JJ: Certainly one of the reasons I was interested in not limiting the concert to Irish music is that I am a leftie, and I did want to bring all of this allegorically into the present moment, and say that at one time the Irish were the ones being discriminated against. But you look at the number of politicians, business leaders, civic leaders, not-for-profit leaders and educational leaders-you look across the spectrum in the United States and Canada and you see plenty of Irish and Celtic names. You realize we have transcended this particular oppression, and have ourselves-not you or I intentionally but collectively, we have become part of a system that has said it was OK to have immigrants then, but it’s not OK now. And you have to acknowledge the piece of that that ties in with racism. 

The indigenous of the United States were taking up collections for the ethnic Irish from what little they had living lives on reservations-they were taking up collections during the Great Hunger to send money to the Irish. I think it was a Choctaw chief that traveled there specifically to witness the conditions and deliver money by hand to people there, because the indigenous Americans felt such a sense of solidarity with the Irish as an occupied and oppressed people. And there are some songs to be written there…. 

I think you can’t look at the Irish immigration experience and the hatred, and the disdain, and the bias, and the prejudice that most Irish experienced wherever they went in the world, and not see a corollary. People worked very hard to find a place, and it’s our obligation to make welcome other people who are coming here seeking the same opportunities. 

We have been the beneficiary of some of the most stalwart and creative people from all over the world.
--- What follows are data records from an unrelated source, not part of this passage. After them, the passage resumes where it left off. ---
lemma moebius_decompose:
  assumes "c \<noteq> 0"
  shows "moebius a b c d = map_option (\<lambda>x. ((b * c - a * d) / c) * x + a / c)
      \<circ> moebius 0 1 1 0 \<circ> map_option (\<lambda>x. c * x + d)"
proof
  fix z
  show "moebius a b c d z = (map_option (\<lambda>x. ((b * c - a * d) / c) * x + a / c)
      \<circ> moebius 0 1 1 0 \<circ> map_option (\<lambda>x. c * x + d)) z"
  proof (cases z)
    case (Some t)
    have "(a * t + b) / (c * t + d) = (b * c - a * d) / c / (c * t + d) + a / c"
      if "c * t + d \<noteq> 0"
      using that assms by (simp add: divide_simps) (simp add: algebra_simps)
    then show ?thesis
      using Some by (simp add: moebius_def p1_coords_def p1_point_def)
  qed (use assms in \<open>simp add: moebius_def p1_coords_def p1_point_def\<close>)
qed

lemma singular_2x2_iff:
  "(a::'a::field) * d = b * c \<longleftrightarrow> (\<exists>x y. (x, y) \<noteq> (0, 0) \<and> a * x + b * y = 0 \<and> c * x + d * y = 0)"
proof
  assume det: "a * d = b * c"
  show "\<exists>x y. (x, y) \<noteq> (0, 0) \<and> a * x + b * y = 0 \<and> c * x + d * y = 0"
  proof (cases "(a, b) = (0, 0)")
    case False
    then show ?thesis using det by (intro exI[of _ b] exI[of _ "- a"]) (auto simp: algebra_simps)
  next
    case ab: True
    show ?thesis
    proof (cases "(d, c) = (0, 0)")
      case False
      then show ?thesis using ab by (intro exI[of _ d] exI[of _ "- c"]) (auto simp: algebra_simps)
    next
      case True
      then show ?thesis using ab by (intro exI[of _ 1] exI[of _ 0]) auto
    qed
  qed
next
  assume "\<exists>x y. (x, y) \<noteq> (0, 0) \<and> a * x + b * y = 0 \<and> c * x + d * y = 0"
  then obtain x y where xy: "(x, y) \<noteq> (0, 0)" "a * x + b * y = 0" "c * x + d * y = 0" by blast
  have "(a * d - b * c) * x = d * (a * x + b * y) - b * (c * x + d * y)"
    "(a * d - b * c) * y = a * (c * x + d * y) - c * (a * x + b * y)"
    by (simp_all add: algebra_simps)
  then show "a * d = b * c" using xy by auto
qed

lemma evenperm_map_option:
  assumes "f permutes (UNIV :: 'a::finite set)"
  shows "map_option f permutes UNIV" "evenperm (map_option f) \<longleftrightarrow> evenperm f"
proof -
  have "y \<notin> range Some \<Longrightarrow> map_option f y = y" for y by (cases y) auto
  then have "map_option f permutes range Some" "evenperm (map_option f) \<longleftrightarrow> evenperm f"
    using evenperm_transport[OF finite_class.finite_UNIV inj_Some assms, of "map_option f"]
    by simp_all
  then show "map_option f permutes UNIV" "evenperm (map_option f) \<longleftrightarrow> evenperm f"
    using permutes_subset by blast+
qed

text \<open>The hypothesis \<open>4 dvd CARD('k)\<close> excludes \<open>\<bbbF>\<^sub>2\<close>, where the Moebius transformations act on
  three points as the full symmetric group.\<close>
locale char2_field =
  fixes field_type :: "'k::{field,finite} itself"
  assumes two_eq_zero [simp]: "(2::'k) = 0" and four_dvd_card: "4 dvd CARD('k)"
begin

lemma add_self [simp]: "(x::'k) + x = 0"
  by (metis mult_2 mult_zero_left two_eq_zero)

lemma add_eq_0_iff_eq: "(x::'k) + y = 0 \<longleftrightarrow> x = y"
  by (metis add_self add_right_cancel)

text \<open>Squaring is additive, hence injective, hence bijective on the finite field.\<close>
lemma square_eq_iff: "(x::'k) * x = y * y \<longleftrightarrow> x = y"
proof
  assume "x * x = y * y"
  then have "(x + y) * (x + y) = 0" by (simp add: algebra_simps)
  then show "x = y" by (simp add: add_eq_0_iff_eq)
qed simp

lemma bij_square: "bij (\<lambda>x::'k. x * x)"
  using finite_UNIV_inj_surj[of "\<lambda>x::'k. x * x"] square_eq_iff by (auto intro!: injI simp: bij_def)
(* Let $(\mathcal A,\mathcal H,D)_\sigma$ be a twisted spectral triple and $e\in M_q(\mathcal A)$ an idempotent with $\sigma(e)=e^*$. Let $\mathcal E=e\mathcal A^q$ with its canonical $\sigma$-translation $\mathcal E^\sigma=\sigma(e)\mathcal A^q$, $\sigma^{\mathcal E}((\xi_j))=(\sigma(\xi_j))$, let $(\cdot,\cdot)_{\mathcal E}$ be a Hermitian metric on $\mathcal E$, and let $\mathfrak s:\mathcal E^\sigma\to\mathcal E$ be the unique $\mathcal A$-linear isomorphism with $(\mathfrak s\eta,\xi)_{\mathcal E}=(\eta,\xi)_0$ for all $\eta\in\mathcal E^\sigma,\xi\in\mathcal E$. Then $\{(\cdot,\cdot)_{\mathcal E},\mathfrak s\}$ is a $\sigma$-Hermitian structure on $\mathcal E$, and the Grassmannian $\sigma$-connection $\nabla_0^{\mathcal E}\xi=\sigma(e)\big(d_\sigma\xi_j\big)_{j=1}^q$ is a $\sigma$-Hermitian $\sigma$-connection on $\mathcal E$.
   Context: Twisted spectral triple: $\mathbb Z_2$-graded $\mathcal H$, unital involutive algebra $\mathcal A$ closed under holomorphic functional calculus acting by even bounded operators, automorphism $\sigma$ with $\sigma(a)^*=\sigma^{-1}(a^* )$, odd selfadjoint $D$ with compact resolvent, $a(\mathrm{dom}D)\subset\mathrm{dom}D$ and $[D,a]_\sigma=Da-\sigma(a)D$ bounded. $(\xi,\eta)_0=\sum_j\xi_j^*\eta_j$ is the canonical metric on $\mathcal A^q$. $\Omega^1_{D,\sigma}(\mathcal A)=\mathrm{span}\{a[D,b]_\sigma\}$, $d_\sigma a=[D,a]_\sigma$; $\sigma(e)\mathcal A^q\otimes_{\mathcal A}\Omega^1_{D,\sigma}(\mathcal A)$ is identified with $\sigma(e)\Omega^1_{D,\sigma}(\mathcal A)^q$. A $\sigma$-connection is a $\mathbb C$-linear $\nabla:\mathcal E\to\mathcal E^\sigma\otimes_{\mathcal A}\Omega^1_{D,\sigma}(\mathcal A)$ with $\nabla(\xi a)=(\nabla\xi)a+\sigma^{\mathcal E}(\xi)\otimes d_\sigma a$. A Hermitian metric is $(\cdot,\cdot):\mathcal E\times\mathcal E\to\mathcal A$ with $(\xi a,\eta b)=a^*(\xi,\eta)b$, biadditive, positive, nondegenerate. A $\sigma$-Hermitian structure is a Hermitian metric with a right-module isomorphism $\mathfrak s:\mathcal E^\sigma\to\mathcal E$ such that $(\xi_1,\mathfrak s\sigma^{\mathcal E}(\xi_2))=\sigma((\mathfrak s\sigma^{\mathcal E}(\xi_1),\xi_2))$. A $\sigma$-connection is $\sigma$-Hermitian if for all $\xi,\eta\in\mathcal E$, writing $\nabla\xi=\sum\xi_\alpha\otimes\omega_\alpha$, $\nabla\eta=\sum\eta_\beta\otimes\psi_\beta$, $\sum_\beta(\xi,\mathfrak s\eta_\beta)\psi_\beta-\sum_\alpha\omega_\alpha^*(\mathfrak s\xi_\alpha,\eta)=d_\sigma\big((\mathfrak s\sigma^{\mathcal E}(\xi),\eta)\big)$. *)

theory Defs
  imports "HOL-Analysis.Analysis" "HOL-Library.Function_Algebras"
begin

text \<open>A complex Hilbert space is a type 'h with a complex scalar multiplication scl and
  an inner product ip (antilinear in the first, linear in the second argument, as for
  the canonical metric on A^q), complete for the induced norm.\<close>

definition hnorm :: "('h \<Rightarrow> 'h \<Rightarrow> complex) \<Rightarrow> 'h \<Rightarrow> real" where
  "hnorm ip x = sqrt (Re (ip x x))"

definition chilbert :: "(complex \<Rightarrow> 'h::ab_group_add \<Rightarrow> 'h) \<Rightarrow> ('h \<Rightarrow> 'h \<Rightarrow> complex) \<Rightarrow> bool" where
  "chilbert scl ip \<longleftrightarrow>
     vector_space scl \<and>
     (\<forall>x y z. ip (x + y) z = ip x z + ip y z) \<and>
     (\<forall>c x y. ip (scl c x) y = cnj c * ip x y) \<and>
     (\<forall>x y. ip y x = cnj (ip x y)) \<and>
     (\<forall>x. Im (ip x x) = 0 \<and> Re (ip x x) \<ge> 0) \<and>
     (\<forall>x. ip x x = 0 \<longrightarrow> x = 0) \<and>
     (\<forall>X. (\<forall>e>0. \<exists>N. \<forall>m\<ge>N. \<forall>n\<ge>N. hnorm ip (X m - X n) < e)
          \<longrightarrow> (\<exists>L. (\<lambda>n. hnorm ip (X n - L)) \<longlonglongrightarrow> 0))"

definition bounded_op :: "(complex \<Rightarrow> 'h::ab_group_add \<Rightarrow> 'h) \<Rightarrow> ('h \<Rightarrow> 'h \<Rightarrow> complex) \<Rightarrow> ('h \<Rightarrow> 'h) \<Rightarrow> bool" where
  "bounded_op scl ip T \<longleftrightarrow>
     (\<forall>x y. T (x + y) = T x + T y) \<and> (\<forall>c x. T (scl c x) = scl c (T x)) \<and>
     (\<exists>K. \<forall>x. hnorm ip (T x) \<le> K * hnorm ip x)"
People come here from all over the place because they want to seek the full measure of their intellectual creative potential here. Artists, musicians, playwrights, authors, and painters, all kinds of people travel from all over the world to spend time in the United States. And in their time here they contribute to our culture as well. The immigrant cultures from all over the world have given us so much. So yeah, a portion of this concert will diverge from the Irish piece and step into the broader struggles of immigration and immigrant justice. Joe Jencks’ debuted in the Capital Region at The Eighth Step, where, when not prevented from touring by pandemics, he regularly performs live on their stages for album release concerts, solo shows, and more.